Современному читателю правила приличия, существовавшие в те времена — и не только в исламском мире, — могут показаться наивными по двум причинам. Несмотря на то что над необоснованным хвастовством смеялись, обоснованные заявления о собственных геройстве и добродетелях считались нормой (однако скромность в таких делах приветствовалась). И несмотря на всевозможные меры предосторожности, призванные почти полностью укрывать женщин одеждой, подальше от мужских глаз, о сексе говорили так же открыто, как, скажем, о еде: и то и другое описывалось одинаково откровенно, когда того требовал сюжет. Вероятно, это отчасти объяснялось тем, что в сегрегированном обществе мужские разговоры не предполагали присутствия женщин. (Разумеется, существовало много произведений явно порнографического характера, предназначенных исключительно для сексуального возбуждения.)

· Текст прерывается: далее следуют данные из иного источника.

lemma payoff_deviation_sum_zero:
  assumes cs: "constant_sum m n A" and ne: "nash_eq m n A xs" and fm: "fully_mixed m n xs"
    and x: "profile m n x"
  shows "(\<Sum>i<m. ip (n i) (payoff_vec m n A i x) (\<lambda>j. x i j - xs i j)) = 0"
proof -
  have xs: "profile m n xs"
    using ne unfolding nash_eq_def by blast
  let ?T = "total_payoff m n A"
  have "?T x x + ?T x x = ?T xs xs + ?T xs xs"
    using constant_sum_total_payoff [OF cs x x xs xs] .
  moreover have "?T xs x + ?T x xs = ?T xs xs + ?T xs xs"
    using constant_sum_total_payoff [OF cs xs x xs xs] .
  moreover have "?T x xs = ?T xs xs"
    using nash_eq_total_payoff [OF ne fm x] .
  ultimately have "?T x x - ?T xs x = 0"
    by simp
  then show ?thesis
    unfolding total_payoff_def ip_diff_right
    by (simp add: ip_commute [of _ "payoff_vec m n A _ x"] sum_subtractf)
qed

lemma merged_storage_bounded_below:
  assumes "\<forall>i<m. finitely_lossless (n i) (f i) (xs i) (L i)"
  shows "\<exists>c. \<forall>qh. (\<forall>i<m. in_Rn (n i) (qh i)) \<longrightarrow> c \<le> merged_storage m L qh"
proof -
  have "\<forall>i. \<exists>c. i < m \<longrightarrow> (\<forall>q. in_Rn (n i) q \<longrightarrow> c \<le> L i q)"
    using assms unfolding finitely_lossless_def by blast
  then obtain c where "\<forall>i<m. \<forall>q. in_Rn (n i) q \<longrightarrow> c i \<le> L i q"
    by metis
  then show ?thesis
    unfolding merged_storage_def by (intro exI [of _ "\<Sum>i<m. c i"]) (auto intro: sum_mono)
qed

lemma merged_storage_has_integral:
  assumes "\<forall>i<m. finitely_lossless (n i) (f i) (xs i) (L i)"
    and "\<forall>i<m. in_Rn (n i) (q0 i)" and "\<forall>i<m. adm_input (n i) (u i)" and "0 \<le> t"
  shows "((\<lambda>\<tau>. \<Sum>i<m. ip (n i) (u i \<tau>) (\<lambda>j. f i (learn_state (n i) (q0 i) (u i) \<tau>) j - xs i j))
    has_integral (merged_storage m L (\<lambda>i. learn_state (n i) (q0 i) (u i) t) - merged_storage m L q0))
    {0..t}"
  unfolding merged_storage_def sum_subtractf [symmetric]
  using assms unfolding finitely_lossless_def by (intro has_integral_sum) auto

lemma fb_solution_learn_state:
  assumes "fb_solution m n A f r qh" and "i < m" and "0 \<le> t"
  shows "qh t i = learn_state (n i) (qh 0 i) (fb_input m n A f r qh i) t"
  using assms unfolding fb_solution_def by blast

lemma fb_solution_profile:
  assumes "fb_solution m n A f r qh" and "\<forall>i<m. conversion_fun (n i) (f i)" and "0 \<le> t"
  shows "profile m n (\<lambda>i. f i (qh t i))"
proof -
  have "in_Rn (n i) (qh t i)" if "i < m" for i
    unfolding fb_solution_learn_state [OF assms(1) that assms(3)]
    by (simp add: in_Rn_def learn_state_def)
  then show ?thesis
    using assms(2) unfolding profile_def conversion_fun_def by blast
qed
lemma rank_le_card_spanning_rows:
  assumes A: "A \<in> carrier_mat m n" and Z: "Z \<subseteq> {..<m}"
    and span: "rows_span n (\<lambda>j k. A $$ (j, k)) {..<m} Z"
  shows "vec_space.rank m A \<le> card Z"
proof -
  obtain h where h: "bij_betw h {..<card Z} Z"
    using ex_bij_betw_nat_finite[of Z] finite_subset[OF Z] by (auto simp: atLeast0LessThan)
  obtain \<mu> where \<mu>: "\<forall>i\<in>{..<m}. \<forall>k<n. A $$ (i, k) = (\<Sum>j\<in>Z. \<mu> i j * A $$ (j, k))"
    using span unfolding rows_span_def by (metis bchoice)
  define T where "T = mat m (card Z) (\<lambda>(i, t). \<mu> i (h t))"
  define B where "B = mat (card Z) n (\<lambda>(t, k). A $$ (h t, k))"
  have T: "T \<in> carrier_mat m (card Z)" and B: "B \<in> carrier_mat (card Z) n"
    by (simp_all add: T_def B_def)
  have "A = T * B"
  proof (rule eq_matI)
    fix i k assume "i < dim_row (T * B)" "k < dim_col (T * B)"
    then have i: "i < m" and k: "k < n" using T B by auto
    have "(T * B) $$ (i, k) = (\<Sum>t<card Z. \<mu> i (h t) * A $$ (h t, k))"
      using i k by (simp add: T_def B_def scalar_prod_def atLeast0LessThan)
    also have "\<dots> = (\<Sum>j\<in>Z. \<mu> i j * A $$ (j, k))"
      by (rule sum.reindex_bij_betw[OF h])
    also have "\<dots> = A $$ (i, k)" using \<mu> i k by simp
    finally show "A $$ (i, k) = (T * B) $$ (i, k)" ..
  qed (use A T B in auto)
  then show ?thesis
    using vec_space.rank_mult_le_inner_dim[OF T B] by simp
qed

definition affine_poly :: "real mat \<Rightarrow> real vec \<Rightarrow> nat \<Rightarrow> rmpoly" where
  "affine_poly A b j =
     (\<Sum>k<dim_col A. mpoly_const (A $$ (j, k)) * mpoly_var k) + mpoly_const (- b $ j)"

definition affine_prod :: "real mat \<Rightarrow> real vec \<Rightarrow> nat set \<Rightarrow> rmpoly" where
  "affine_prod A b S = (\<Prod>j\<in>S. affine_poly A b j)"

lemma mpoly_eval_affine_prod:
  assumes "A \<in> carrier_mat m n" "x \<in> carrier_vec n"
  shows "mpoly_eval (affine_prod A b S) x = (\<Prod>j\<in>S. row A j \<bullet> x - b $ j)"
  using assms
  by (simp add: affine_prod_def affine_poly_def mpoly_eval_prod mpoly_eval_add mpoly_eval_sum
      mpoly_eval_mult row_scalar_prod_sum[OF assms])

lemma mpoly_bounded_affine_prod:
  assumes "A \<in> carrier_mat m n" "card S \<le> d"
  shows "mpoly_bounded n d (affine_prod A b S)"
proof -
  have "mpoly_bounded n 1 (affine_poly A b j)" for j
  proof -
    have "mpoly_bounded n (0 + 1) (mpoly_const (A $$ (j, k)) * mpoly_var k)" if "k < n" for k
      by (intro mpoly_bounded_mult mpoly_bounded_const mpoly_bounded_var that)
    then show ?thesis
      using assms(1) unfolding affine_poly_def
      by (intro mpoly_bounded_add mpoly_bounded_sum) auto
  qed
  then have "mpoly_bounded n (card S) (affine_prod A b S)"
    unfolding affine_prod_def by (rule mpoly_bounded_prod)
  then show ?thesis using assms(2) by (rule mpoly_bounded_mono)
qed

text \<open>Here \<open>d\<close> is meant to be a dual family of the rows in \<open>Z\<close> (\<open>a\<^sub>j\<^sup>T d\<^sub>i = \<delta>\<^sub>i\<^sub>j\<close> for \<open>i, j \<in> Z\<close>). In a row
  \<open>i \<in> Z\<close> the first block contributes \<open>a\<^sub>j\<^sup>T d\<^sub>i\<close> times the product of the \<open>c\<^sub>l\<close> with \<open>l \<notin> Z\<close>, which is
  \<open>\<delta>\<^sub>i\<^sub>j\<close> times that product for \<open>j \<in> Z\<close> and is cancelled by the \<open>D\<close>-block entry for \<open>j \<notin> Z\<close>;
  a row \<open>i \<notin> Z\<close> only uses the diagonal entry of the \<open>D\<close>-block.\<close>

definition basis_left_inverse ::
    "real mat \<Rightarrow> real vec \<Rightarrow> nat set \<Rightarrow> (nat \<Rightarrow> nat \<Rightarrow> real) \<Rightarrow> nat \<Rightarrow> nat \<Rightarrow> rmpoly" where
  "basis_left_inverse A b Z d i k =
     (if k < dim_col A then
        (if i \<in> Z then mpoly_const (d i k) * affine_prod A b ({..<dim_row A} - Z) else 0)
      else if i \<in> Z then
        (if k - dim_col A \<in> Z then 0
         else mpoly_const (- (\<Sum>k'<dim_col A. A $$ (k - dim_col A, k') * d i k'))
                * affine_prod A b ({..<dim_row A} - Z - {k - dim_col A}))
      else if k - dim_col A = i then affine_prod A b ({..<dim_row A} - Z - {i})
      else 0)"

lemma mpoly_bounded_basis_left_inverse:
  assumes A: "A \<in> carrier_mat m n" and "Z \<subseteq> {..<m}"
  shows "mpoly_bounded n (m - card Z) (basis_left_inverse A b Z d i k)"
proof -
  have "card S \<le> m - card Z" if "S \<subseteq> {..<m} - Z" for S
    using card_mono[OF _ that] card_Diff_subset[OF finite_subset[OF assms(2)] assms(2)] by simp
  then have "mpoly_bounded n (m - card Z) (affine_prod A b S)"
    if "S \<subseteq> {..<m} - Z" for S
    using that by (auto intro!: mpoly_bounded_affine_prod[OF A])
  then show ?thesis
    using A unfolding basis_left_inverse_def by (auto intro!: mpoly_bounded_const_mult)
qed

Эзотерический стиль в литературе
Вторая масштабная тенденция по природе своей была менее явной, но более значимой в социальном и интеллектуальном плане. Она заключалась в иносказательности или уклончивости манеры изложения, когда многое остается недосказанным. Мудрый вывод Газали о том, что автору следует писать, помня об уровне его аудитории, и не раскрывать массам опасную и трудную для понимания правду, оказал более существенное влияние на литературу, чем на собственный труд Газали, «Мункиз», где, по мнению читателя, он выражается без стеснения, но не всегда прямо. Как уже говорилось, для файлясуфов, суфиев и последователей Алидов определенная градация и сокрытие знаний стали нормой. Возможно, было благоразумно, особенно в вопросах жизненной ориентации, писать так, чтобы истинные намерения автора раскрывались не сразу и не всякому, чтобы читатель мог сделать собственные выводы в соответствии с своими потребностями. И этот подход можно было применять независимо от того, имел ли автор намерение писать явно эзотерическую работу или нет. В любом случае он существенно отразился на литературном стиле. Эта тенденция становилась свойственной всей серьезной прозе и даже стихам, так что при чтении какого-либо произведения следовало дважды подумать, прежде чем сделать вывод, будто за сказанным не кроется какого-нибудь подтекста.